What the task asks: Each entry is to be retyped exactly as it stands.

BEGIN Given entries

lemma ent_linear_image_bounds:
  fixes P :: "'a::finite \<Rightarrow> real"
  assumes "finite B" "is_dist P" "\<And>b a. b \<in> B \<Longrightarrow> 0 \<le> U b a \<and> U b a \<le> 1"
  shows "0 \<le> ent B (\<lambda>b. \<Sum>a\<in>UNIV. P a * U b a)"
    and "ent B (\<lambda>b. \<Sum>a\<in>UNIV. P a * U b a) \<le> card B / ln 2"
proof -
  have eta: "0 \<le> eta (\<Sum>a\<in>UNIV. P a * U b a) \<and> eta (\<Sum>a\<in>UNIV. P a * U b a) \<le> 1 / ln 2"
    if "b \<in> B" for b
    using eta_bounds sum_weighted_bounds[where U="U b", OF assms(2) assms(3)[OF that]] by simp
  then show "0 \<le> ent B (\<lambda>b. \<Sum>a\<in>UNIV. P a * U b a)"
    unfolding ent_def by (simp add: sum_nonneg)
  have "ent B (\<lambda>b. \<Sum>a\<in>UNIV. P a * U b a) \<le> card B * (1 / ln 2)"
    unfolding ent_def using eta by (intro sum_bounded_above) simp
  then show "ent B (\<lambda>b. \<Sum>a\<in>UNIV. P a * U b a) \<le> card B / ln 2"
    by simp
qed

lemma ent_linear_image_close:
  fixes P P' :: "'a::finite \<Rightarrow> real" and d e :: real
  assumes "is_dist P" "is_dist P'" "\<And>b a. b \<in> B \<Longrightarrow> 0 \<le> U b a \<and> U b a \<le> 1"
    and "(\<Sum>a\<in>UNIV. \<bar>P' a - P a\<bar>) < d"
    and "\<And>s t. s \<in> {0..1} \<Longrightarrow> t \<in> {0..1} \<Longrightarrow> \<bar>s - t\<bar> < d \<Longrightarrow> \<bar>eta s - eta t\<bar> < e"
  shows "\<bar>ent B (\<lambda>b. \<Sum>a\<in>UNIV. P' a * U b a) - ent B (\<lambda>b. \<Sum>a\<in>UNIV. P a * U b a)\<bar> \<le> real (card B) * e"
proof -
  have "\<bar>eta (\<Sum>a\<in>UNIV. P' a * U b a) - eta (\<Sum>a\<in>UNIV. P a * U b a)\<bar> \<le> e" if "b \<in> B" for b
    using sum_weighted_bounds[where U="U b", OF assms(1) assms(3)[OF that]]
      sum_weighted_bounds[where U="U b", OF assms(2) assms(3)[OF that]]
      abs_sum_weighted_diff_le[where U="U b" and P=P and P'=P', OF assms(3)[OF that]] assms(4)
    by (intro less_imp_le assms(5)) auto
  then have "(\<Sum>b\<in>B. \<bar>eta (\<Sum>a\<in>UNIV. P' a * U b a) - eta (\<Sum>a\<in>UNIV. P a * U b a)\<bar>) \<le> card B * e"
    by (rule sum_bounded_above)
  then show ?thesis
    unfolding ent_def sum_subtractf[symmetric] by (rule order_trans[OF sum_abs])
qed

lemma sum_UNIV_prod:
  "(\<Sum>a\<in>UNIV. g a) = (\<Sum>x\<in>(UNIV::'x::finite set). \<Sum>y\<in>(UNIV::'y::finite set). g (x, y))"
  by (simp add: sum.cartesian_product UNIV_Times_UNIV)

lemma ent_Times:
  "finite A \<Longrightarrow> finite B \<Longrightarrow> ent (A \<times> B) p = (\<Sum>a\<in>A. \<Sum>b\<in>B. eta (p (a, b)))"
  by (simp add: ent_def sum.cartesian_product)

lemma entropies_as_linear_images:
  fixes P :: "'x::finite \<times> 'y::finite \<Rightarrow> real"
  shows "H_W K P V = ent {..<K} (\<lambda>w. \<Sum>a\<in>UNIV. P a * V w a)"
    and "H_XY P = ent UNIV (\<lambda>b. \<Sum>a\<in>UNIV. P a * (if a = b then 1 else 0))"
    and "H_WXY K P V = ent ({..<K} \<times> UNIV)
           (\<lambda>wb. \<Sum>a\<in>UNIV. P a * (if a = snd wb then V (fst wb) a else 0))"
    and "H_WY K P V = ent ({..<K} \<times> UNIV)
           (\<lambda>wy. \<Sum>a\<in>UNIV. P a * (if snd a = snd wy then V (fst wy) a else 0))"
proof -
  show "H_W K P V = ent {..<K} (\<lambda>w. \<Sum>a\<in>UNIV. P a * V w a)"
    by (simp add: H_W_def jW_def[abs_def])
  show "H_XY P = ent UNIV (\<lambda>b. \<Sum>a\<in>UNIV. P a * (if a = b then 1 else 0))"
    by (simp add: H_XY_def if_distrib cong: if_cong)
  show "H_WXY K P V = ent ({..<K} \<times> UNIV)
           (\<lambda>wb. \<Sum>a\<in>UNIV. P a * (if a = snd wb then V (fst wb) a else 0))"
    by (simp add: H_WXY_def jWXY_def[abs_def] if_distrib cong: if_cong)
  have "jWY P V = (\<lambda>wy. \<Sum>a\<in>UNIV. P a * (if snd a = snd wy then V (fst wy) a else 0))"
    by (simp add: fun_eq_iff jWY_def sum_UNIV_prod if_distrib cong: if_cong)
  then show "H_WY K P V = ent ({..<K} \<times> UNIV)
           (\<lambda>wy. \<Sum>a\<in>UNIV. P a * (if snd a = snd wy then V (fst wy) a else 0))"
    by (simp add: H_WY_def)
qed

lemma sum_swap_outer:
  "(\<Sum>x\<in>A. \<Sum>y\<in>B. \<Sum>w\<in>C. f w x y) = (\<Sum>w\<in>C. \<Sum>x\<in>A. \<Sum>y\<in>B. f w x y)"
  by (subst sum.swap) (simp add: sum.swap[of _ B])

lemma sum3_nonneg_eq_0D:
  fixes f :: "'a \<Rightarrow> 'b \<Rightarrow> 'c \<Rightarrow> real"
  assumes "finite A" "finite B" "finite C" and "(\<Sum>a\<in>A. \<Sum>b\<in>B. \<Sum>c\<in>C. f a b c) = 0"
    and "\<And>a b c. a \<in> A \<Longrightarrow> b \<in> B \<Longrightarrow> c \<in> C \<Longrightarrow> 0 \<le> f a b c"
    and "a \<in> A" "b \<in> B" "c \<in> C"
  shows "f a b c = 0"
  using assms by (simp add: sum_nonneg_eq_0_iff sum_nonneg)

lemma ln_ratio_lower_bound:
  fixes a q :: real
  assumes "0 \<le> a" "0 \<le> q" "0 < a \<Longrightarrow> 0 < q"
  shows "a - q \<le> a * (ln a - ln q)"
    and "a * (ln a - ln q) = a - q \<Longrightarrow> a = q"
proof -
  have "a - q \<le> a * (ln a - ln q) \<and> (a * (ln a - ln q) = a - q \<longrightarrow> a = q)"
  proof (cases "a = 0")
    case False
    with assms have a: "0 < a" and q: "0 < q" by auto
    have gap: "a * (ln a - ln q) - (a - q) = a * ((q / a - 1) - ln (q / a))"
      using a q by (simp add: ln_div field_simps)
    have "ln (q / a) \<le> q / a - 1"
      using a q by (intro ln_le_minus_one) simp
    then have "0 \<le> a * ((q / a - 1) - ln (q / a))"
      using a by simp
    then have "a - q \<le> a * (ln a - ln q)"
      using gap by linarith
    moreover have "a = q" if "a * (ln a - ln q) = a - q"
    proof -
      have "ln (q / a) = q / a - 1"
        using that gap a by simp
      then have "q / a = 1"
        using a q by (intro ln_eq_minus_one) simp_all
      then show ?thesis
        using a by simp
    qed
    ultimately show ?thesis by blast
  qed (use assms in auto)
  then show "a - q \<le> a * (ln a - ln q)" "a * (ln a - ln q) = a - q \<Longrightarrow> a = q"
    by auto
qed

END Given entries

Response to the task:
lemma ent_linear_image_bounds:
  fixes P :: "'a::finite \<Rightarrow> real"
  assumes "finite B" "is_dist P" "\<And>b a. b \<in> B \<Longrightarrow> 0 \<le> U b a \<and> U b a \<le> 1"
  shows "0 \<le> ent B (\<lambda>b. \<Sum>a\<in>UNIV. P a * U b a)"
    and "ent B (\<lambda>b. \<Sum>a\<in>UNIV. P a * U b a) \<le> card B / ln 2"
proof -
  have eta: "0 \<le> eta (\<Sum>a\<in>UNIV. P a * U b a) \<and> eta (\<Sum>a\<in>UNIV. P a * U b a) \<le> 1 / ln 2"
    if "b \<in> B" for b
    using eta_bounds sum_weighted_bounds[where U="U b", OF assms(2) assms(3)[OF that]] by simp
  then show "0 \<le> ent B (\<lambda>b. \<Sum>a\<in>UNIV. P a * U b a)"
    unfolding ent_def by (simp add: sum_nonneg)
  have "ent B (\<lambda>b. \<Sum>a\<in>UNIV. P a * U b a) \<le> card B * (1 / ln 2)"
    unfolding ent_def using eta by (intro sum_bounded_above) simp
  then show "ent B (\<lambda>b. \<Sum>a\<in>UNIV. P a * U b a) \<le> card B / ln 2"
    by simp
qed

lemma ent_linear_image_close:
  fixes P P' :: "'a::finite \<Rightarrow> real" and d e :: real
  assumes "is_dist P" "is_dist P'" "\<And>b a. b \<in> B \<Longrightarrow> 0 \<le> U b a \<and> U b a \<le> 1"
    and "(\<Sum>a\<in>UNIV. \<bar>P' a - P a\<bar>) < d"
    and "\<And>s t. s \<in> {0..1} \<Longrightarrow> t \<in> {0..1} \<Longrightarrow> \<bar>s - t\<bar> < d \<Longrightarrow> \<bar>eta s - eta t\<bar> < e"
  shows "\<bar>ent B (\<lambda>b. \<Sum>a\<in>UNIV. P' a * U b a) - ent B (\<lambda>b. \<Sum>a\<in>UNIV. P a * U b a)\<bar> \<le> real (card B) * e"
proof -
  have "\<bar>eta (\<Sum>a\<in>UNIV. P' a * U b a) - eta (\<Sum>a\<in>UNIV. P a * U b a)\<bar> \<le> e" if "b \<in> B" for b
    using sum_weighted_bounds[where U="U b", OF assms(1) assms(3)[OF that]]
      sum_weighted_bounds[where U="U b", OF assms(2) assms(3)[OF that]]
      abs_sum_weighted_diff_le[where U="U b" and P=P and P'=P', OF assms(3)[OF that]] assms(4)
    by (intro less_imp_le assms(5)) auto
  then have "(\<Sum>b\<in>B. \<bar>eta (\<Sum>a\<in>UNIV. P' a * U b a) - eta (\<Sum>a\<in>UNIV. P a * U b a)\<bar>) \<le> card B * e"
    by (rule sum_bounded_above)
  then show ?thesis
    unfolding ent_def sum_subtractf[symmetric] by (rule order_trans[OF sum_abs])
qed

lemma sum_UNIV_prod:
  "(\<Sum>a\<in>UNIV. g a) = (\<Sum>x\<in>(UNIV::'x::finite set). \<Sum>y\<in>(UNIV::'y::finite set). g (x, y))"
  by (simp add: sum.cartesian_product UNIV_Times_UNIV)

lemma ent_Times:
  "finite A \<Longrightarrow> finite B \<Longrightarrow> ent (A \<times> B) p = (\<Sum>a\<in>A. \<Sum>b\<in>B. eta (p (a, b)))"
  by (simp add: ent_def sum.cartesian_product)

lemma entropies_as_linear_images:
  fixes P :: "'x::finite \<times> 'y::finite \<Rightarrow> real"
  shows "H_W K P V = ent {..<K} (\<lambda>w. \<Sum>a\<in>UNIV. P a * V w a)"
    and "H_XY P = ent UNIV (\<lambda>b. \<Sum>a\<in>UNIV. P a * (if a = b then 1 else 0))"
    and "H_WXY K P V = ent ({..<K} \<times> UNIV)
           (\<lambda>wb. \<Sum>a\<in>UNIV. P a * (if a = snd wb then V (fst wb) a else 0))"
    and "H_WY K P V = ent ({..<K} \<times> UNIV)
           (\<lambda>wy. \<Sum>a\<in>UNIV. P a * (if snd a = snd wy then V (fst wy) a else 0))"
proof -
  show "H_W K P V = ent {..<K} (\<lambda>w. \<Sum>a\<in>UNIV. P a * V w a)"
    by (simp add: H_W_def jW_def[abs_def])
  show "H_XY P = ent UNIV (\<lambda>b. \<Sum>a\<in>UNIV. P a * (if a = b then 1 else 0))"
    by (simp add: H_XY_def if_distrib cong: if_cong)
  show "H_WXY K P V = ent ({..<K} \<times> UNIV)
           (\<lambda>wb. \<Sum>a\<in>UNIV. P a * (if a = snd wb then V (fst wb) a else 0))"
    by (simp add: H_WXY_def jWXY_def[abs_def] if_distrib cong: if_cong)
  have "jWY P V = (\<lambda>wy. \<Sum>a\<in>UNIV. P a * (if snd a = snd wy then V (fst wy) a else 0))"
    by (simp add: fun_eq_iff jWY_def sum_UNIV_prod if_distrib cong: if_cong)
  then show "H_WY K P V = ent ({..<K} \<times> UNIV)
           (\<lambda>wy. \<Sum>a\<in>UNIV. P a * (if snd a = snd wy then V (fst wy) a else 0))"
    by (simp add: H_WY_def)
qed

lemma sum_swap_outer:
  "(\<Sum>x\<in>A. \<Sum>y\<in>B. \<Sum>w\<in>C. f w x y) = (\<Sum>w\<in>C. \<Sum>x\<in>A. \<Sum>y\<in>B. f w x y)"
  by (subst sum.swap) (simp add: sum.swap[of _ B])

lemma sum3_nonneg_eq_0D:
  fixes f :: "'a \<Rightarrow> 'b \<Rightarrow> 'c \<Rightarrow> real"
  assumes "finite A" "finite B" "finite C" and "(\<Sum>a\<in>A. \<Sum>b\<in>B. \<Sum>c\<in>C. f a b c) = 0"
    and "\<And>a b c. a \<in> A \<Longrightarrow> b \<in> B \<Longrightarrow> c \<in> C \<Longrightarrow> 0 \<le> f a b c"
    and "a \<in> A" "b \<in> B" "c \<in> C"
  shows "f a b c = 0"
  using assms by (simp add: sum_nonneg_eq_0_iff sum_nonneg)

lemma ln_ratio_lower_bound:
  fixes a q :: real
  assumes "0 \<le> a" "0 \<le> q" "0 < a \<Longrightarrow> 0 < q"
  shows "a - q \<le> a * (ln a - ln q)"
    and "a * (ln a - ln q) = a - q \<Longrightarrow> a = q"
proof -
  have "a - q \<le> a * (ln a - ln q) \<and> (a * (ln a - ln q) = a - q \<longrightarrow> a = q)"
  proof (cases "a = 0")
    case False
    with assms have a: "0 < a" and q: "0 < q" by auto
    have gap: "a * (ln a - ln q) - (a - q) = a * ((q / a - 1) - ln (q / a))"
      using a q by (simp add: ln_div field_simps)
    have "ln (q / a) \<le> q / a - 1"
      using a q by (intro ln_le_minus_one) simp
    then have "0 \<le> a * ((q / a - 1) - ln (q / a))"
      using a by simp
    then have "a - q \<le> a * (ln a - ln q)"
      using gap by linarith
    moreover have "a = q" if "a * (ln a - ln q) = a - q"
    proof -
      have "ln (q / a) = q / a - 1"
        using that gap a by simp
      then have "q / a = 1"
        using a q by (intro ln_eq_minus_one) simp_all
      then show ?thesis
        using a by simp
    qed
    ultimately show ?thesis by blast
  qed (use assms in auto)
  then show "a - q \<le> a * (ln a - ln q)" "a * (ln a - ln q) = a - q \<Longrightarrow> a = q"
    by auto
qed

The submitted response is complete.